Xbox 720 and PS4 graphical capabilities discussed in detail (Photos)

Through an article that was posted on EuroGamer today, Digital Foundry has presented us with a hefty list of information that has been sourced to be involved with both Sony and Microsoft's next generation systems, which is commonly referred to as the PS4 and Xbox 720. Fans can take a look at a few concept photos of the Xbox 720 and PS4 in the slideshow above this article.

Through the content that was delivered, Digital Foundry goes into detail about what type of processing power will be delivered through the GPU systems that will be implemented into the Xbox 720 and PS4. Speaking of this, in a previous article we revealed that the PS4's GPU with the clock that 1.84 teraflops. In comparison, the Xbox 720's the GPU has been revealed to be clocked at around 1.23 teraflops.

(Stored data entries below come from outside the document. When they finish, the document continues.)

(* If every tree is graceful, then every tree is supergraceful.
   Context: A graceful labeling of a graph with $q$ edges is an injective map $\varphi: V \to \{0,\dots,q\}$ whose induced edge labels $|\varphi(u)-\varphi(v)|$, $uv\in E$, are pairwise distinct. For a graph with $p$ nodes and $q$ edges, a total labeling is a map $\varphi: V \to \{1,\dots,p+q\}$ such that the $p$ node labels and the $q$ edge labels $|\varphi(u)-\varphi(v)|$ are all pairwise distinct, together forming exactly $\{1,\dots,p+q\}$; a graph is supergraceful if it admits a total labeling. *)

theory Defs
  imports Main
begin

text \<open>Finite simple graphs with vertex set V (a finite set of naturals) and a
symmetric, irreflexive adjacency relation E whose edges lie inside V.
Every finite graph is isomorphic to one of this form.\<close>

definition simple_graph :: "nat set \<Rightarrow> (nat \<Rightarrow> nat \<Rightarrow> bool) \<Rightarrow> bool" where
  "simple_graph V E \<longleftrightarrow> finite V \<and>
     (\<forall>u v. E u v \<longrightarrow> u \<in> V \<and> v \<in> V \<and> u \<noteq> v \<and> E v u)"

definition edges :: "(nat \<Rightarrow> nat \<Rightarrow> bool) \<Rightarrow> nat set set" where
  "edges E = {{u, v} | u v. E u v}"

definition connected_graph :: "nat set \<Rightarrow> (nat \<Rightarrow> nat \<Rightarrow> bool) \<Rightarrow> bool" where
  "connected_graph V E \<longleftrightarrow> (\<forall>u\<in>V. \<forall>v\<in>V. E\<^sup>*\<^sup>* u v)"

definition is_cycle :: "(nat \<Rightarrow> nat \<Rightarrow> bool) \<Rightarrow> nat list \<Rightarrow> bool" where
  "is_cycle E cs \<longleftrightarrow> length cs \<ge> 3 \<and> distinct cs \<and>
     (\<forall>i. Suc i < length cs \<longrightarrow> E (cs ! i) (cs ! Suc i)) \<and>
     E (last cs) (hd cs)"

definition acyclic_graph :: "(nat \<Rightarrow> nat \<Rightarrow> bool) \<Rightarrow> bool" where
  "acyclic_graph E \<longleftrightarrow> (\<nexists>cs. is_cycle E cs)"

definition is_tree :: "nat set \<Rightarrow> (nat \<Rightarrow> nat \<Rightarrow> bool) \<Rightarrow> bool" where
  "is_tree V E \<longleftrightarrow> simple_graph V E \<and> V \<noteq> {} \<and> connected_graph V E \<and> acyclic_graph E"

definition elab :: "(nat \<Rightarrow> nat) \<Rightarrow> nat \<Rightarrow> nat \<Rightarrow> nat" where
  "elab \<phi> u v = (if \<phi> u \<le> \<phi> v then \<phi> v - \<phi> u else \<phi> u - \<phi> v)"

definition edge_labels_distinct :: "(nat \<Rightarrow> nat \<Rightarrow> bool) \<Rightarrow> (nat \<Rightarrow> nat) \<Rightarrow> bool" where
  "edge_labels_distinct E \<phi> \<longleftrightarrow>
     (\<forall>u v x y. E u v \<longrightarrow> E x y \<longrightarrow> elab \<phi> u v = elab \<phi> x y \<longrightarrow> {u, v} = {x, y})"

definition graceful_labeling :: "nat set \<Rightarrow> (nat \<Rightarrow> nat \<Rightarrow> bool) \<Rightarrow> (nat \<Rightarrow> nat) \<Rightarrow> bool" where
  "graceful_labeling V E \<phi> \<longleftrightarrow>
     inj_on \<phi> V \<and> \<phi> ` V \<subseteq> {0..card (edges E)} \<and> edge_labels_distinct E \<phi>"

definition graceful :: "nat set \<Rightarrow> (nat \<Rightarrow> nat \<Rightarrow> bool) \<Rightarrow> bool" where
  "graceful V E \<longleftrightarrow> (\<exists>\<phi>. graceful_labeling V E \<phi>)"

definition total_labeling :: "nat set \<Rightarrow> (nat \<Rightarrow> nat \<Rightarrow> bool) \<Rightarrow> (nat \<Rightarrow> nat) \<Rightarrow> bool" where
  "total_labeling V E \<phi> \<longleftrightarrow>
     \<phi> ` V \<subseteq> {1..card V + card (edges E)} \<and>
     inj_on \<phi> V \<and> edge_labels_distinct E \<phi> \<and>
     (\<forall>w\<in>V. \<forall>u v. E u v \<longrightarrow> \<phi> w \<noteq> elab \<phi> u v) \<and>
     \<phi> ` V \<union> {elab \<phi> u v | u v. E u v} = {1..card V + card (edges E)}"

definition supergraceful :: "nat set \<Rightarrow> (nat \<Rightarrow> nat \<Rightarrow> bool) \<Rightarrow> bool" where
  "supergraceful V E \<longleftrightarrow> (\<exists>\<phi>. total_labeling V E \<phi>)"

end

theory Submission
  imports Defs
begin

text \<open>A graceful labeling f of a graph with q edges is injective into {0..q}, so the graph
has at most q + 1 vertices; an acyclic graph has at least q + 1. Hence for a tree f is a
bijection onto {0..q}, and since its q edge labels are distinct elements of {1..q}, they are
all of {1..q}. The labeling 2f + 1 then puts the odd numbers 1, 3, ..., 2q + 1 on the vertices
and the even numbers 2, 4, ..., 2q on the edges, which together fill {1..p + q} with p = q + 1.\<close>

definition is_path :: "(nat \<Rightarrow> nat \<Rightarrow> bool) \<Rightarrow> nat set \<Rightarrow> nat list \<Rightarrow> bool" where
  "is_path E V xs \<longleftrightarrow> xs \<noteq> [] \<and> distinct xs \<and> set xs \<subseteq> V \<and>
     (\<forall>i. Suc i < length xs \<longrightarrow> E (xs ! i) (xs ! Suc i))"

lemma is_path_snoc:
  assumes "is_path E V xs" "x \<in> V" "x \<notin> set xs" "E (last xs) x"
  shows "is_path E V (xs @ [x])"
  using assms unfolding is_path_def
  by (auto simp: nth_append last_conv_nth less_Suc_eq) (metis diff_Suc_Suc minus_nat.diff_0)

lemma length_is_path_le_card:
  assumes "finite V" "is_path E V xs"
  shows "length xs \<le> card V"
  using assms by (metis card_mono distinct_card is_path_def)

lemma is_cycle_drop_is_path:
  assumes "is_path E V xs" "i + 3 \<le> length xs" "E (last xs) (xs ! i)"
  shows "is_cycle E (drop i xs)"
  using assms by (auto simp: is_cycle_def is_path_def hd_drop_conv_nth)

lemma ex_longest_path:
  assumes "finite V" "v \<in> V"
  obtains xs where "is_path E V xs" "\<And>ys. is_path E V ys \<Longrightarrow> length ys \<le> length xs"
proof -
  have "is_path E V [v]"
    using assms(2) by (simp add: is_path_def)
  moreover have "\<forall>ys. is_path E V ys \<longrightarrow> length ys < card V + 1"
    using length_is_path_le_card[OF assms(1)] by (simp add: le_imp_less_Suc)
  ultimately show thesis
    using ex_has_greatest_nat[of "is_path E V" "[v]" length "card V + 1"] that by blast
qed

text \<open>The last vertex v of a longest path is a leaf: a neighbour off the path would extend
the path, and a neighbour on the path other than the predecessor of v would close a cycle.\<close>

lemma acyclic_graph_has_leaf:
  assumes sg: "simple_graph V E" and ac: "acyclic_graph E" and "V \<noteq> {}"
  shows "\<exists>v\<in>V. \<exists>w. \<forall>x. E v x \<longrightarrow> x = w"
proof -
  have fin: "finite V" using sg by (simp add: simple_graph_def)
  obtain xs where xs: "is_path E V xs"
    and longest: "\<And>ys. is_path E V ys \<Longrightarrow> length ys \<le> length xs"
    using ex_longest_path[OF fin] \<open>V \<noteq> {}\<close> by blast
  have "xs \<noteq> []" using xs by (simp add: is_path_def)
  have "last xs \<in> V" using xs \<open>xs \<noteq> []\<close> by (auto simp: is_path_def)
  moreover have "x = xs ! (length xs - 2)" if "E (last xs) x" for x
  proof (rule ccontr)
    assume not_pred: "x \<noteq> xs ! (length xs - 2)"
    have "x \<in> V" "x \<noteq> last xs" using that sg by (auto simp: simple_graph_def)
    show False
    proof (cases "x \<in> set xs")
      case False
      with is_path_snoc[OF xs \<open>x \<in> V\<close> _ that] longest show False by fastforce
    next
      case True
      then obtain i where i: "i < length xs" "xs ! i = x" by (auto simp: in_set_conv_nth)
      have "i \<noteq> length xs - 1"
        using i \<open>x \<noteq> last xs\<close> \<open>xs \<noteq> []\<close> by (auto simp: last_conv_nth)
      moreover have "i \<noteq> length xs - 2" using i not_pred by blast
      ultimately have "i + 3 \<le> length xs" using i by linarith
      with is_cycle_drop_is_path[OF xs] i that ac show False
        by (auto simp: acyclic_graph_def)
    qed
  qed
  ultimately show ?thesis by blast
qed

definition delete_vertex :: "(nat \<Rightarrow> nat \<Rightarrow> bool) \<Rightarrow> nat \<Rightarrow> nat \<Rightarrow> nat \<Rightarrow> bool" where
  "delete_vertex E v = (\<lambda>a b. E a b \<and> a \<noteq> v \<and> b \<noteq> v)"

lemma simple_graph_delete_vertex:
  "simple_graph V E \<Longrightarrow> simple_graph (V - {v}) (delete_vertex E v)"
  by (auto simp: simple_graph_def delete_vertex_def)

lemma acyclic_graph_delete_vertex:
  "acyclic_graph E \<Longrightarrow> acyclic_graph (delete_vertex E v)"
  unfolding acyclic_graph_def is_cycle_def delete_vertex_def by blast

lemma edges_subset_delete_leaf:
  assumes "simple_graph V E" "\<forall>x. E v x \<longrightarrow> x = w"
  shows "edges E \<subseteq> insert {v, w} (edges (delete_vertex E v))"
proof
  fix e assume "e \<in> edges E"
  then obtain a b where e: "e = {a, b}" "E a b" by (auto simp: edges_def)
  moreover have "E b a" using e(2) assms(1) by (auto simp: simple_graph_def)
  ultimately show "e \<in> insert {v, w} (edges (delete_vertex E v))"
    using assms(2) by (cases "a = v \<or> b = v") (auto simp: edges_def delete_vertex_def)
qed

lemma finite_edges:
  assumes "simple_graph V E"
  shows "finite (edges E)"
proof -
  have "edges E \<subseteq> Pow V" using assms by (auto simp: edges_def simple_graph_def)
  moreover have "finite V" using assms by (simp add: simple_graph_def)
  ultimately show ?thesis by (meson finite_Pow_iff finite_subset)
qed

lemma card_edges_less_card_if_acyclic:
  "simple_graph V E \<Longrightarrow> acyclic_graph E \<Longrightarrow> V \<noteq> {} \<Longrightarrow> card (edges E) < card V"
proof (induction "card V" arbitrary: V E rule: less_induct)
  case less
  have fin: "finite V" using less.prems by (simp add: simple_graph_def)
  obtain v w where "v \<in> V" and leaf: "\<forall>x. E v x \<longrightarrow> x = w"
    using acyclic_graph_has_leaf[OF less.prems] by blast
  show ?case
  proof (cases "V = {v}")
    case True
    then have "edges E = {}" using less.prems(1) by (auto simp: edges_def simple_graph_def)
    with True show ?thesis by simp
  next
    case False
    let ?V' = "V - {v}" and ?E' = "delete_vertex E v"
    have sg': "simple_graph ?V' ?E'" using simple_graph_delete_vertex[OF less.prems(1)] .
    have smaller: "card ?V' < card V" using fin \<open>v \<in> V\<close> by (meson card_Diff1_less)
    have "card (edges E) \<le> card (insert {v, w} (edges ?E'))"
      using edges_subset_delete_leaf[OF less.prems(1) leaf] finite_edges[OF sg']
      by (simp add: card_mono)
    also have "\<dots> \<le> card (edges ?E') + 1" by (simp add: card_insert_le_m1)
    also have "card (edges ?E') < card ?V'"
      using less.hyps[OF smaller sg' acyclic_graph_delete_vertex[OF less.prems(2)]]
        False \<open>v \<in> V\<close> by blast
    finally show ?thesis using smaller by linarith
  qed
qed

lemma card_le_Suc_card_edges_if_graceful:
  "graceful_labeling V E f \<Longrightarrow> card V \<le> card (edges E) + 1"
  unfolding graceful_labeling_def using card_inj_on_le[of f V "{0..card (edges E)}"] by simp

lemma graceful_labeling_image:
  assumes "graceful_labeling V E f" "card V = card (edges E) + 1"
  shows "f ` V = {0..card (edges E)}"
  using assms card_image[of f V] by (simp add: graceful_labeling_def card_subset_eq)

lemma elab_eq_Max_minus_Min: "elab f u v = Max (f ` {u, v}) - Min (f ` {u, v})"
  by (simp add: elab_def max_def min_def)

lemma graceful_labeling_edge_labels:
  assumes sg: "simple_graph V E" and gl: "graceful_labeling V E f"
  shows "{elab f u v | u v. E u v} = {1..card (edges E)}"
proof -
  define h where "h e = Max (f ` e) - Min (f ` e)" for e
  have h_pair: "h {u, v} = elab f u v" for u v
    by (simp add: h_def elab_eq_Max_minus_Min)
  have labels: "{elab f u v | u v. E u v} = h ` edges E"
    unfolding edges_def h_pair[symmetric] by blast
  have "inj_on h (edges E)"
  proof (rule inj_onI)
    fix a b assume "a \<in> edges E" "b \<in> edges E" "h a = h b"
    then obtain u v x y where "a = {u, v}" "E u v" "b = {x, y}" "E x y"
      by (auto simp: edges_def)
    with \<open>h a = h b\<close> gl show "a = b"
      unfolding graceful_labeling_def edge_labels_distinct_def by (metis h_pair)
  qed
  then have "card {elab f u v | u v. E u v} = card (edges E)"
    by (simp add: labels card_image)
  moreover have "{elab f u v | u v. E u v} \<subseteq> {1..card (edges E)}"
  proof clarify
    fix u v assume "E u v"
    then have "u \<in> V" "v \<in> V" "u \<noteq> v" using sg by (auto simp: simple_graph_def)
    with gl have "f u \<noteq> f v" "f u \<le> card (edges E)" "f v \<le> card (edges E)"
      unfolding graceful_labeling_def inj_on_def by auto
    then show "elab f u v \<in> {1..card (edges E)}" by (auto simp: elab_def)
  qed
  ultimately show ?thesis by (simp add: card_subset_eq)
qed

lemma elab_double_Suc: "elab (\<lambda>x. 2 * f x + 1) u v = 2 * elab f u v"
  by (auto simp: elab_def)

lemma odd_even_image_atLeastAtMost:
  "(\<lambda>k. 2 * k + 1) ` {0..q} \<union> (\<lambda>k. 2 * k) ` {1..q} = {1..2 * q + 1 :: nat}"
proof (intro set_eqI iffI)
  fix n :: nat assume n: "n \<in> {1..2 * q + 1}"
  show "n \<in> (\<lambda>k. 2 * k + 1) ` {0..q} \<union> (\<lambda>k. 2 * k) ` {1..q}"
  proof (cases "even n")
    case True
    then obtain k where "n = 2 * k" by blast
    with n show ?thesis by auto
  next
    case False
    then obtain k where "n = 2 * k + 1" using oddE by blast
    with n show ?thesis by auto
  qed
qed auto

lemma total_labeling_double_Suc_graceful:
  assumes sg: "simple_graph V E" and gl: "graceful_labeling V E f"
    and p: "card V = card (edges E) + 1"
  shows "total_labeling V E (\<lambda>x. 2 * f x + 1)"
proof -
  let ?q = "card (edges E)" and ?\<phi> = "\<lambda>x. 2 * f x + 1"
  have "?\<phi> ` V = (\<lambda>k. 2 * k + 1) ` f ` V" by (simp add: image_image)
  then have nodes: "?\<phi> ` V = (\<lambda>k. 2 * k + 1) ` {0..?q}"
    by (simp only: graceful_labeling_image[OF gl p])
  have labels: "{elab ?\<phi> u v | u v. E u v} = (\<lambda>k. 2 * k) ` {1..?q}"
    unfolding elab_double_Suc graceful_labeling_edge_labels[OF sg gl, symmetric] by blast
  have all_labels: "?\<phi> ` V \<union> {elab ?\<phi> u v | u v. E u v} = {1..card V + ?q}"
  proof -
    have "card V + ?q = 2 * ?q + 1" using p by simp
    then show ?thesis unfolding nodes labels odd_even_image_atLeastAtMost by simp
  qed
  have "inj_on ?\<phi> V"
    using gl by (simp add: graceful_labeling_def inj_on_def)
  moreover have "edge_labels_distinct E ?\<phi>"
    unfolding edge_labels_distinct_def elab_double_Suc
  proof (intro allI impI)
    fix u v x y assume "E u v" "E x y" "2 * elab f u v = 2 * elab f x y"
    then have "elab f u v = elab f x y" by simp
    with gl \<open>E u v\<close> \<open>E x y\<close> show "{u, v} = {x, y}"
      unfolding graceful_labeling_def edge_labels_distinct_def by blast
  qed
  moreover have "?\<phi> w \<noteq> elab ?\<phi> u v" for w u v
    unfolding elab_double_Suc by presburger
  ultimately show ?thesis
    using all_labels unfolding total_labeling_def by blast
qed

theorem theorem7p9:
  assumes "\<forall>V E. is_tree V E \<longrightarrow> graceful V E"
  shows "\<forall>V E. is_tree V E \<longrightarrow> supergraceful V E"
proof (intro allI impI)
  fix V E assume tree: "is_tree V E"
  then obtain f where gl: "graceful_labeling V E f" using assms by (auto simp: graceful_def)
  have sg: "simple_graph V E" using tree by (simp add: is_tree_def)
  have "card (edges E) < card V"
    using tree by (intro card_edges_less_card_if_acyclic) (auto simp: is_tree_def)
  with card_le_Suc_card_edges_if_graceful[OF gl] have "card V = card (edges E) + 1"
    by simp
  with total_labeling_double_Suc_graceful[OF sg gl] show "supergraceful V E"
    by (auto simp: supergraceful_def)
qed

end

However, there's a fair amount of "secret sauce" in Orbis and we can disclose details on one of the more interesting additions. Paired up with the eight AMD cores, we find a bespoke GPU-like "Compute" module, designed to ease the burden on certain operations - physics calculations are a good example of traditional CPU work that are often hived off to GPU cores. We're assured that this is bespoke hardware that is not a part of the main graphics pipeline but we remain rather mystified by its standalone inclusion, bearing in mind Compute functions could be run off the main graphics cores and that devs could have the option to utilise that power for additional graphical grunt, if they so chose.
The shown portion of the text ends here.